God also hath highly exalted him, and given him a name which is above every name: That at the name of Jesus every knee should bow ... And that every tongue should confess that Jesus Christ is Lord, to the glory of God the Father.

Philippians 2:9-11

Friday, August 26, 2011

T.Austin-Sparks and Local Church 5 - Features of a Local Church

In this article we'll look at what Sparks finally says on what he considers the essential features of a true local Church.

He says:

THE ESSENTIAL FEATURES OF A TRUE LOCAL CHURCH?

We are seeking to keep close and true to the overall principle that the Church -- universal and local -- is called to be an expression of Christ. It is impossible to read the New Testament without seeing that the presence of Christ anywhere was the presence of

1. Heavenly light and power

This we have just indicated as the basis of His judgment of churches (in Revelation 1-3).

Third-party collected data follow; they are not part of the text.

(* Let $d\in\mathbb{N}$. If a linear functional $L:\mathbb{R}[\underline x]_{2d}\to\mathbb{R}$ satisfies $L(p^2)>0$ for all $p\in\mathbb{R}[\underline x]_d\setminus\{0\}$, then $L$ extends to a linear functional $\widetilde L:\mathbb{R}[\underline x]\to\mathbb{R}$ satisfying $\widetilde L(p^2)>0$ for all $p\in\mathbb{R}[\underline x]\setminus\{0\}$.
   Context: $\mathbb{R}[\underline x]=\mathbb{R}[x_1,\dots,x_n]$, and $\mathbb{R}[\underline x]_k$ denotes the subspace of polynomials of degree at most $k$. *)

theory Defs
  imports "HOL-Analysis.Analysis" "HOL-Library.Poly_Mapping"
begin

text \<open>Real polynomials in the variables indexed by a finite type 'v
  (so n = CARD('v) variables): finitely supported maps from monomials
  (exponent vectors) to real coefficients.
  Multiplication is the convolution product from Poly_Mapping.\<close>

type_synonym 'v rpoly = "('v \<Rightarrow>\<^sub>0 nat) \<Rightarrow>\<^sub>0 real"

definition mon_deg :: "('v \<Rightarrow>\<^sub>0 nat) \<Rightarrow> nat" where
  "mon_deg m = (\<Sum>i\<in>Poly_Mapping.keys m. Poly_Mapping.lookup m i)"

definition deg_le :: "nat \<Rightarrow> 'v rpoly \<Rightarrow> bool" where
  "deg_le k p \<longleftrightarrow> (\<forall>m\<in>Poly_Mapping.keys p. mon_deg m \<le> k)"

definition pscale :: "real \<Rightarrow> 'v rpoly \<Rightarrow> 'v rpoly" where
  "pscale c p = Poly_Mapping.map (\<lambda>a. c * a) p"

definition linear_on_deg :: "nat \<Rightarrow> ('v rpoly \<Rightarrow> real) \<Rightarrow> bool" where
  "linear_on_deg k L \<longleftrightarrow>
     (\<forall>p q. deg_le k p \<longrightarrow> deg_le k q \<longrightarrow> L (p + q) = L p + L q) \<and>
     (\<forall>c p. deg_le k p \<longrightarrow> L (pscale c p) = c * L p)"

definition linear_poly_fun :: "('v rpoly \<Rightarrow> real) \<Rightarrow> bool" where
  "linear_poly_fun L \<longleftrightarrow>
     (\<forall>p q. L (p + q) = L p + L q) \<and> (\<forall>c p. L (pscale c p) = c * L p)"

end

theory Submission
  imports Defs
begin

text \<open>Write \<open>M m = L (x\<^sup>m)\<close>. Positivity of \<open>L (p\<^sup>2)\<close> on polynomials of degree at most \<open>K\<close>
  says that the Hankel form \<open>(a, b) \<mapsto> M (a + b)\<close> on the monomials of degree at most \<open>K\<close> is
  positive definite, hence coercive, since the index set is finite. To pass from \<open>K\<close> to \<open>K + 1\<close>,
  keep the moments of degree at most \<open>2K + 1\<close> and give every monomial \<open>m\<close> of higher degree the
  moment \<open>\<sigma> ^ |m|\<^sup>2\<close>, where \<open>|m|\<^sup>2\<close> is the sum of the squared exponents. Because
  \<open>|b + c|\<^sup>2 < 2|b|\<^sup>2 + 2|c|\<^sup>2\<close> for \<open>b \<noteq> c\<close>, the Hankel block of the monomials of degree
  \<open>K + 1\<close> is then diagonally dominant with diagonal at least \<open>\<sigma>\<close>, so for large \<open>\<sigma>\<close> it absorbs
  the mixed block, whose entries do not depend on \<open>\<sigma>\<close>. Iterating, every moment is eventually
  fixed, and the limiting moment sequence defines the extension.\<close>

section \<open>Quadratic forms on finite index sets\<close>

definition quad_form :: "('a \<Rightarrow> 'a \<Rightarrow> real) \<Rightarrow> 'a set \<Rightarrow> ('a \<Rightarrow> real) \<Rightarrow> real" where
  "quad_form G S u = (\<Sum>a\<in>S. \<Sum>b\<in>S. u a * u b * G a b)"

definition sumsq :: "'a set \<Rightarrow> ('a \<Rightarrow> real) \<Rightarrow> real" where
  "sumsq S u = (\<Sum>a\<in>S. (u a)\<^sup>2)"

definition pos_def_on :: "('a \<Rightarrow> 'a \<Rightarrow> real) \<Rightarrow> 'a set \<Rightarrow> bool" where
  "pos_def_on G S \<longleftrightarrow> (\<forall>u. (\<exists>a\<in>S. u a \<noteq> 0) \<longrightarrow> quad_form G S u > 0)"

lemma sumsq_nonneg: "sumsq S u \<ge> 0"
  unfolding sumsq_def by (simp add: sum_nonneg)

lemma sumsq_pos: "finite S \<Longrightarrow> a \<in> S \<Longrightarrow> u a \<noteq> 0 \<Longrightarrow> sumsq S u > 0"
  unfolding sumsq_def by (rule sum_pos2) auto

lemma sq_le_sumsq: "finite S \<Longrightarrow> a \<in> S \<Longrightarrow> (u a)\<^sup>2 \<le> sumsq S u"
  unfolding sumsq_def by (rule member_le_sum) auto

lemma quad_form_cong:
  "(\<And>a b. a \<in> S \<Longrightarrow> b \<in> S \<Longrightarrow> G a b = H a b) \<Longrightarrow> (\<And>a. a \<in> S \<Longrightarrow> u a = v a) \<Longrightarrow>
    quad_form G S u = quad_form H S v"
  unfolding quad_form_def by (auto intro!: sum.cong)

lemma coercive_imp_pos_def_on:
  assumes "finite S" "\<alpha> > 0" "\<And>u. \<alpha> * sumsq S u \<le> quad_form G S u"
  shows "pos_def_on G S"
  unfolding pos_def_on_def
  using assms sumsq_pos by (metis mult_pos_pos order_less_le_trans)

lemma quad_form_insert:
  assumes "finite S" "s \<notin> S" "\<And>a b. G a b = G b a"
  shows "quad_form G (insert s S) u =
    (u s)\<^sup>2 * G s s + 2 * u s * (\<Sum>b\<in>S. G s b * u b) + quad_form G S u"
proof -
  have "quad_form G (insert s S) u = (u s)\<^sup>2 * G s s + (\<Sum>b\<in>S. u s * u b * G s b)
      + (\<Sum>a\<in>S. u a * u s * G a s) + quad_form G S u"
    unfolding quad_form_def using assms by (simp add: sum.distrib power2_eq_square)
  also have "(\<Sum>a\<in>S. u a * u s * G a s) = (\<Sum>b\<in>S. u s * u b * G s b)"
    by (rule sum.cong) (auto simp: assms(3))
  also have "(\<Sum>b\<in>S. u s * u b * G s b) = u s * (\<Sum>b\<in>S. G s b * u b)"
    by (simp add: sum_distrib_left mult_ac)
  finally show ?thesis by simp
qed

With Him it was not only the light of teaching or doctrine. It was teaching personified. There was the teaching incarnated in manhood. His teaching and His works were one. It was very practical light! It was light from another world. If the stars ruled the night they did so by the reflected light of the sun. If the churches are to have the power of truth it must be because they give a rebound of Christ upon human darkness. A local expression of Christ should mean that there is effective light, both for the Lord's people (the candlesticks) and for the world (the stars). The people who have contact with such a local church should feel the power of the teaching, should be affected by it, and it should be fruitful in them. This is not only a test, but it is a testimony to what the Lord has provided for. A people living in the good of the heavenly light received through that vessel? Is sin rebuked and exposed? Are sinners convicted? Do the perplexed get understanding in that presencing of Christ?

2. Heavenly life

The Lord said that His very coming into this world was "that they might have life". Therefore, His presence in a locality by means of the church there should mean that all who come and go register a heavenly livingness. Not just excitableness, noise, activity, etc., but a life which is not of this world. There are not dead forms and customs. There is nothing in a rut. Life is mediated by all that has a
place and a part. There is a spiritual lift as of resurrection life! No depression!

3. Heavenly food

Yet again, as we have seen earlier, the presence of Christ meant bread for the hungry. The very "compassion" of Christ meant that He could not bear to have people come hungry and go away the same. A true local expression of Christ will mean that that company of His people will have, not only enough for themselves, but the margin, or overflow to all the hungry -- spiritually hungry. That will be a house of bread where none ever fails to be fed. The food will not be just localized, but will be ministered to many beyond.

4. Heavenly fellowship

An impressive feature of Christ when personally present among men was the way He transcended the things which divide men in this world. He made no attempt to make everyone and everything uniform by organization, institution, denomination, class, category, forms, systems, etc. Every type and temperament, if free from prejudice and hypocrisy and of open heart and conscious of spiritual need, found a common ground of fellowship and oneness in Him. He just rose above the dividing things, and in response to Him people found that things which had separated them just vanished. Christ became their common ground.

Thus should it be in any local corporate expression of Christ. Questions of association, denomination, sect, tradition, etc., should not arise, but just vanish in the presence of the warmth of fellowship and entire occupation with Christ. The only effective way of true unity, heavenly fellowship, is that of the higher than earthly ground -- the love of heaven.

5. Heavenly order

All the four things which we have mentioned as characteristic of a true local expression of the Church and of Christ will be helped or hindered by the presence or absence of a heavenly, spiritual order. All appointments, positions, "offices", should be by the definite witness of the Holy Spirit; not by man's choosing, whether by others or by the person's ambition. As the result of much prayer by the church it should be manifest where anointing and gift rests, so that the function of those in any position of leadership should definitely mean that the church is inspired, strengthened and built up. Failing this heavenly order, there will exist an element of artificiality, a straining to make something and keep it going. The highest level of genius will fall far short of the smallest measure of Divine inspiration. It is this Divine inspiration that determines all Divine service and functions. There is no effort or strain where the anointing rests, but spontaneity and liberty and unction. Oil has ever been a symbol of the Holy Spirit, and where He is things should move as in oil.

This is not at all an impossible standard, but the normal expression of the Lordship and Headship of Christ.

What God requires He makes possible.

To me the key element talked about by Sparks is in the teaching being personified in a people. We are after all a people being read by all men. If we in deed personify, or have Christ manifested in our lives, it will be of great glory to Him on behalf of those doing the reading, as well as meet His purpose and demands for the reasons for the local Church in the first place, which is to embody Christ.